Change directories to get access to env file.

In [2]:
os.chdir("../")

In [3]:
pwd

'c:\\Users\\RaviB\\GitHub\\TechKnowBot'

Build YouTube connector.

In [4]:
load_dotenv()

youtube_api_key = os.getenv('GCP_YOUTUBE_API_KEY')

In [7]:
openai_api_key = os.getenv('OPENAI_API_KEY')
openai_api_org = os.getenv('OPENAI_API_ORG')

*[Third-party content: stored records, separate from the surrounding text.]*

(* Let $G=(V,A)$ be a graph with $|e|\ge2$ for all $e\in V$, $\mathfrak n=\mathfrak n(G)$, and $\delta$ a nearly coboundary Lie bialgebra structure on $\mathfrak n$. Write (uniquely) $\delta(v)=\sum_{\alpha\in A}D_\alpha(v)\wedge\alpha+\varphi(v)$ for $v\in W$, with linear maps $D_\alpha:W\to W$ and $\varphi:W\to\Lambda^2\mathfrak z$ (such a form exists since $\delta(W)\subseteq W\wedge\mathfrak z\oplus\Lambda^2\mathfrak z$). Then $D_\alpha D_\beta=D_\beta D_\alpha$ for all $\alpha,\beta\in A$.
   Context: $G=(V,A)$ is a finite simple graph without loops, $V=\{e_1,\dots,e_n\}$ ordered, each edge joining $e_i,e_j$ ($i<j$) oriented from $e_i$ to $e_j$; $|e|$ is the degree. $\mathfrak n(G)$ over a field of characteristic zero has basis $V\cup A$, $[e_i,e_j]=\alpha$ if $\alpha$ goes from $e_i$ to $e_j$, $[e_i,e_j]=0$ if not adjacent, edges central; $\mathfrak z=\mathrm{span}(A)$ (the center), $W=\mathrm{span}(V)$. Lie bialgebra structure: linear $\delta:\mathfrak n\to\Lambda^2\mathfrak n$ with co-Jacobi ($\delta(x_1)\wedge x_2-x_1\wedge\delta(x_2)=0$, Sweedler $\delta(x)=x_1\wedge x_2$) and $\delta[x,y]=[\delta x,y]+[x,\delta y]$. Nearly coboundary means $\delta|_{\mathfrak z}=0$. *)

theory Defs
  imports Main
begin

text \<open>The graph has vertex set Vs (a finite set of naturals, ordered by the order of nat);
  an edge is a pair (i,j) with i < j, oriented from i to j.  Elements of n(G) are coefficient
  functions supported on the basis; elements of the exterior powers are
  alternating tensors (coefficient functions) supported on the basis.\<close>

datatype bidx = Vx nat | Ed "nat \<times> nat"

definition simple_graph :: "nat set \<Rightarrow> (nat \<times> nat) set \<Rightarrow> bool" where
  "simple_graph Vs E \<longleftrightarrow> finite Vs \<and> (\<forall>(i,j)\<in>E. i \<in> Vs \<and> j \<in> Vs \<and> i < j)"

definition degree :: "(nat \<times> nat) set \<Rightarrow> nat \<Rightarrow> nat" where
  "degree E i = card {j. (i,j) \<in> E \<or> (j,i) \<in> E}"

definition basis :: "nat set \<Rightarrow> (nat \<times> nat) set \<Rightarrow> bidx set" where
  "basis Vs E = Vx ` Vs \<union> Ed ` E"

definition nG :: "nat set \<Rightarrow> (nat \<times> nat) set \<Rightarrow> (bidx \<Rightarrow> 'k::field) set" where
  "nG Vs E = {x. \<forall>b. b \<notin> basis Vs E \<longrightarrow> x b = 0}"

definition WG :: "nat set \<Rightarrow> (nat \<times> nat) set \<Rightarrow> (bidx \<Rightarrow> 'k::field) set" where
  "WG Vs E = {x \<in> nG Vs E. \<forall>e. x (Ed e) = 0}"

definition ZG :: "nat set \<Rightarrow> (nat \<times> nat) set \<Rightarrow> (bidx \<Rightarrow> 'k::field) set" where
  "ZG Vs E = {x \<in> nG Vs E. \<forall>i. x (Vx i) = 0}"

definition unitv :: "bidx \<Rightarrow> bidx \<Rightarrow> 'k::field" where
  "unitv b = (\<lambda>c. if c = b then 1 else 0)"

text \<open>Lie bracket: [e_i,e_j] = alpha if alpha goes from e_i to e_j, edges central.\<close>
definition brk :: "(nat \<times> nat) set \<Rightarrow> (bidx \<Rightarrow> 'k::field) \<Rightarrow> (bidx \<Rightarrow> 'k) \<Rightarrow> bidx \<Rightarrow> 'k" where
  "brk E x y = (\<lambda>b. case b of
      Ed (i,j) \<Rightarrow> (if (i,j) \<in> E then x (Vx i) * y (Vx j) - x (Vx j) * y (Vx i) else 0)
    | Vx _ \<Rightarrow> 0)"

text \<open>Lambda^2 n(G): alternating 2-tensors supported on the basis
  (e_a \<and> e_b corresponds to e_a\<otimes>e_b - e_b\<otimes>e_a).\<close>
definition L2 :: "nat set \<Rightarrow> (nat \<times> nat) set \<Rightarrow> (bidx \<Rightarrow> bidx \<Rightarrow> 'k::field) set" where
  "L2 Vs E = {S. (\<forall>a b. S a b = - S b a) \<and>
                 (\<forall>a b. a \<notin> basis Vs E \<or> b \<notin> basis Vs E \<longrightarrow> S a b = 0)}"

definition L2Z :: "nat set \<Rightarrow> (nat \<times> nat) set \<Rightarrow> (bidx \<Rightarrow> bidx \<Rightarrow> 'k::field) set" where
  "L2Z Vs E = {S \<in> L2 Vs E. \<forall>a b. a \<notin> Ed ` E \<or> b \<notin> Ed ` E \<longrightarrow> S a b = 0}"

definition wedge :: "(bidx \<Rightarrow> 'k::field) \<Rightarrow> (bidx \<Rightarrow> 'k) \<Rightarrow> bidx \<Rightarrow> bidx \<Rightarrow> 'k" where
  "wedge x y = (\<lambda>a b. x a * y b - x b * y a)"

text \<open>Wedge of a 2-vector with a vector, as an alternating 3-tensor.\<close>
definition wedge3 :: "(bidx \<Rightarrow> bidx \<Rightarrow> 'k::field) \<Rightarrow> (bidx \<Rightarrow> 'k) \<Rightarrow> bidx \<Rightarrow> bidx \<Rightarrow> bidx \<Rightarrow> 'k" where
  "wedge3 S v = (\<lambda>p q r. S p q * v r + S q r * v p + S r p * v q)"

text \<open>Adjoint action of x on Lambda^2: [x, a\<and>b] = [x,a]\<and>b + a\<and>[x,b].\<close>
definition act :: "nat set \<Rightarrow> (nat \<times> nat) set \<Rightarrow> (bidx \<Rightarrow> 'k::field) \<Rightarrow> (bidx \<Rightarrow> bidx \<Rightarrow> 'k)
                    \<Rightarrow> bidx \<Rightarrow> bidx \<Rightarrow> 'k" where
  "act Vs E x S = (\<lambda>p q. \<Sum>c\<in>basis Vs E.
        brk E x (unitv c) p * S c q + brk E x (unitv c) q * S p c)"

definition lin_vec :: "(bidx \<Rightarrow> 'k::field) set \<Rightarrow> ((bidx \<Rightarrow> 'k) \<Rightarrow> 'c \<Rightarrow> 'k) \<Rightarrow> bool" where
  "lin_vec X f \<longleftrightarrow> (\<forall>x\<in>X. \<forall>y\<in>X. f (\<lambda>b. x b + y b) = (\<lambda>t. f x t + f y t)) \<and>
                     (\<forall>x\<in>X. \<forall>c. f (\<lambda>b. c * x b) = (\<lambda>t. c * f x t))"

text \<open>Co-Jacobi: for delta(x) = x_1 \<and> x_2 (Sweedler), delta(x_1)\<and>x_2 - x_1\<and>delta(x_2) = 0;
  writing delta(x) as an alternating tensor T this is  \<Sum>_{a,b} T(a,b) delta(e_a)\<and>e_b = 0.\<close>
definition lie_bialg :: "nat set \<Rightarrow> (nat \<times> nat) set \<Rightarrow> ((bidx \<Rightarrow> 'k::field) \<Rightarrow> bidx \<Rightarrow> bidx \<Rightarrow> 'k) \<Rightarrow> bool" where
  "lie_bialg Vs E \<delta> \<longleftrightarrow>
     lin_vec (nG Vs E) (\<lambda>x (a,b). \<delta> x a b) \<and>
     (\<forall>x\<in>nG Vs E. \<delta> x \<in> L2 Vs E) \<and>
     (\<forall>x\<in>nG Vs E. \<forall>p q r.
        (\<Sum>a\<in>basis Vs E. \<Sum>b\<in>basis Vs E. \<delta> x a b * wedge3 (\<delta> (unitv a)) (unitv b) p q r) = 0) \<and>
     (\<forall>x\<in>nG Vs E. \<forall>y\<in>nG Vs E.
        \<delta> (brk E x y) = (\<lambda>p q. act Vs E x (\<delta> y) p q - act Vs E y (\<delta> x) p q))"

definition nearly_coboundary :: "nat set \<Rightarrow> (nat \<times> nat) set \<Rightarrow> ((bidx \<Rightarrow> 'k::field) \<Rightarrow> bidx \<Rightarrow> bidx \<Rightarrow> 'k) \<Rightarrow> bool" where
  "nearly_coboundary Vs E \<delta> \<longleftrightarrow> (\<forall>z\<in>ZG Vs E. \<delta> z = (\<lambda>a b. 0))"

end

theory Submission
  imports Defs
begin

text \<open>Evaluate the co-Jacobi identity for \<open>\<delta>(v)\<close>, \<open>v \<in> W\<close>, at the triple
  \<open>(e\<^sub>i, \<alpha>, \<beta>)\<close>. Since \<open>\<delta>\<close> vanishes on the centre, only the terms whose Sweedler
  components lie in \<open>W\<close> survive, and as \<open>\<delta>(e\<^sub>j)(e\<^sub>i, \<gamma>) = D\<^sub>\<gamma>(e\<^sub>j)\<^sub>i\<close> they give
  \<open>\<Sum>\<^sub>j (D\<^sub>\<beta> v)\<^sub>j (D\<^sub>\<alpha> e\<^sub>j)\<^sub>i = \<Sum>\<^sub>j (D\<^sub>\<alpha> v)\<^sub>j (D\<^sub>\<beta> e\<^sub>j)\<^sub>i\<close>: the \<open>e\<^sub>i\<close>-coordinates of
  \<open>D\<^sub>\<alpha> D\<^sub>\<beta> v\<close> and \<open>D\<^sub>\<beta> D\<^sub>\<alpha> v\<close> agree.\<close>

lemma lin_comb_mem:
  assumes zero: "(\<lambda>b. 0) \<in> X"
    and add: "\<And>x y. x \<in> X \<Longrightarrow> y \<in> X \<Longrightarrow> (\<lambda>b. x b + y b) \<in> X"
    and smult: "\<And>x c. x \<in> X \<Longrightarrow> (\<lambda>b. c * x b) \<in> X"
    and "finite S" and "\<forall>j\<in>S. g j \<in> X"
  shows "(\<lambda>b. \<Sum>j\<in>S. c j * g j b) \<in> X"
  using \<open>finite S\<close> \<open>\<forall>j\<in>S. g j \<in> X\<close>
proof (induction S rule: finite_induct)
  case empty
  then show ?case using zero by simp
next
  case (insert a S)
  then have "(\<lambda>b. (\<lambda>b. c a * g a b) b + (\<lambda>b. \<Sum>j\<in>S. c j * g j b) b) \<in> X"
    using add smult by simp
  then show ?case using insert by simp
qed

lemma lin_vec_sum:
  assumes lin: "lin_vec X f"
    and zero: "(\<lambda>b. 0) \<in> X"
    and add: "\<And>x y. x \<in> X \<Longrightarrow> y \<in> X \<Longrightarrow> (\<lambda>b. x b + y b) \<in> X"
    and smult: "\<And>x c. x \<in> X \<Longrightarrow> (\<lambda>b. c * x b) \<in> X"
    and "finite S" and "\<forall>j\<in>S. g j \<in> X"
  shows "f (\<lambda>b. \<Sum>j\<in>S. c j * g j b) = (\<lambda>t. \<Sum>j\<in>S. c j * f (g j) t)"
  using \<open>finite S\<close> \<open>\<forall>j\<in>S. g j \<in> X\<close>
proof (induction S rule: finite_induct)
  case empty
  have "\<forall>x\<in>X. \<forall>c. f (\<lambda>b. c * x b) = (\<lambda>t. c * f x t)"
    using lin unfolding lin_vec_def by blast
  from this[rule_format, OF zero, of 0] show ?case by simp
next
  case (insert a S)
  have ga: "g a \<in> X" and gS: "\<forall>j\<in>S. g j \<in> X" using insert.prems by auto
  have sa: "(\<lambda>b. c a * g a b) \<in> X" using smult ga .
  have sS: "(\<lambda>b. \<Sum>j\<in>S. c j * g j b) \<in> X" using lin_comb_mem[OF zero add smult insert.hyps(1) gS] .
  have "f (\<lambda>b. \<Sum>j\<in>insert a S. c j * g j b)
      = f (\<lambda>b. (\<lambda>b. c a * g a b) b + (\<lambda>b. \<Sum>j\<in>S. c j * g j b) b)"
    using insert.hyps by simp
  also have "\<dots> = (\<lambda>t. f (\<lambda>b. c a * g a b) t + f (\<lambda>b. \<Sum>j\<in>S. c j * g j b) t)"
    using conjunct1[OF lin[unfolded lin_vec_def], rule_format, OF sa sS] .
  also have "f (\<lambda>b. c a * g a b) = (\<lambda>t. c a * f (g a) t)"
    using lin ga unfolding lin_vec_def by blast
  finally show ?case using insert by simp
qed

lemma sum_wedge3_unitv:
  assumes "finite B" "p \<in> B" "q \<in> B" "r \<in> B"
  shows "(\<Sum>b\<in>B. T b * wedge3 S (unitv b) p q r) = T r * S p q + T p * S q r + T q * S r p"
proof -
  have "(\<Sum>b\<in>B. T b * wedge3 S (unitv b) p q r)
      = (\<Sum>b\<in>B. (if b = r then T r * S p q else 0) + (if b = p then T p * S q r else 0)
                + (if b = q then T q * S r p else 0))"
    by (rule sum.cong) (simp_all add: wedge3_def unitv_def distrib_left)
  also have "\<dots> = T r * S p q + T p * S q r + T q * S r p"
    using assms by (simp add: sum.distrib)
  finally show ?thesis .
qed

lemma simple_graph_finite_edges: "simple_graph Vs E \<Longrightarrow> finite E"
  unfolding simple_graph_def by (rule finite_subset[of E "Vs \<times> Vs"]) auto

lemma sum_basis:
  assumes "finite Vs" "finite E"
  shows "(\<Sum>b\<in>basis Vs E. f b) = (\<Sum>j\<in>Vs. f (Vx j)) + (\<Sum>e\<in>E. f (Ed e))"
proof -
  have "(\<Sum>b\<in>basis Vs E. f b) = (\<Sum>b\<in>Vx ` Vs. f b) + (\<Sum>b\<in>Ed ` E. f b)"
    unfolding basis_def by (rule sum.union_disjoint) (use assms in auto)
  then show ?thesis by (simp add: sum.reindex inj_on_def)
qed

lemma WG_zero: "(\<lambda>b. 0) \<in> WG Vs E"
  and WG_add: "x \<in> WG Vs E \<Longrightarrow> y \<in> WG Vs E \<Longrightarrow> (\<lambda>b. x b + y b) \<in> WG Vs E"
  and WG_smult: "x \<in> WG Vs E \<Longrightarrow> (\<lambda>b. c * x b) \<in> WG Vs E"
  unfolding WG_def nG_def by auto

lemma WG_edge_coord: "w \<in> WG Vs E \<Longrightarrow> w (Ed e) = 0"
  unfolding WG_def by blast

lemma WG_vertex_coord: "w \<in> WG Vs E \<Longrightarrow> i \<notin> Vs \<Longrightarrow> w (Vx i) = 0"
  unfolding WG_def nG_def basis_def by auto

lemma unitv_vertex_in_WG: "j \<in> Vs \<Longrightarrow> unitv (Vx j) \<in> WG Vs E"
  and unitv_edge_in_ZG: "e \<in> E \<Longrightarrow> unitv (Ed e) \<in> ZG Vs E"
  unfolding WG_def ZG_def nG_def basis_def unitv_def by auto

Take old code from SentiRec Analytics project: https://github.com/RavinderRai/SentiRec-Analytics/blob/main/modules/YouTubeReviewScraper.py.

In [21]:
class YouTubeReviewData:    
    def __init__(self, api_key):
        self.api_key = api_key
        self.youtube = build('youtube', 'v3', developerKey=api_key)
        
    def search_videos(self, search_query, max_results=5, individual_review=False):
        """
        Search for YouTube videos based on a given query and retrieve additional information including closed captions.

        Parameters:
        - search_query (str): The search query used to find relevant videos on YouTube.
        - max_results (int): The maximum number of videos to retrieve. Defaults to 5.
        - individual_review (bool): If the search query is for reviews of a specific product, then set this to True, 
        to ignore videos with VS in their titles as that indicates that the reviews isn't for just the individual product itself.

        Returns:
        List[dict]: A list of dictionaries, each containing information about a video, including:
            - 'video_id' (str): The unique identifier for the video.
            - 'title' (str): The title of the video.
            - 'video_link' (str): The YouTube link to the video.
            - 'channel_name' (str): The name of the channel that uploaded the video.
            - 'cc_text' (str): The closed captions text for the video. This is the review text.

        Note:
        - Videos with titles containing specific strings ('VS', 'vs', 'Vs') are excluded, as they indicate videos that aren't reviews specific to the  
        product in the search query.
        - The 'cc_text' field may contain an empty string if closed captions are not available.
        """       
        
        search_response = self.youtube.search().list(
            q=search_query,
            type='video',
            part='id, snippet',
            maxResults=max_results
        ).execute()        
        
        videos_info = []
        for result in search_response.get('items', []):
            video_id = result['id']['videoId']
            title = result['snippet']['title']
            video_link = f'https://www.youtube.com/watch?v={video_id}'
            channel_name = result['snippet']['channelTitle']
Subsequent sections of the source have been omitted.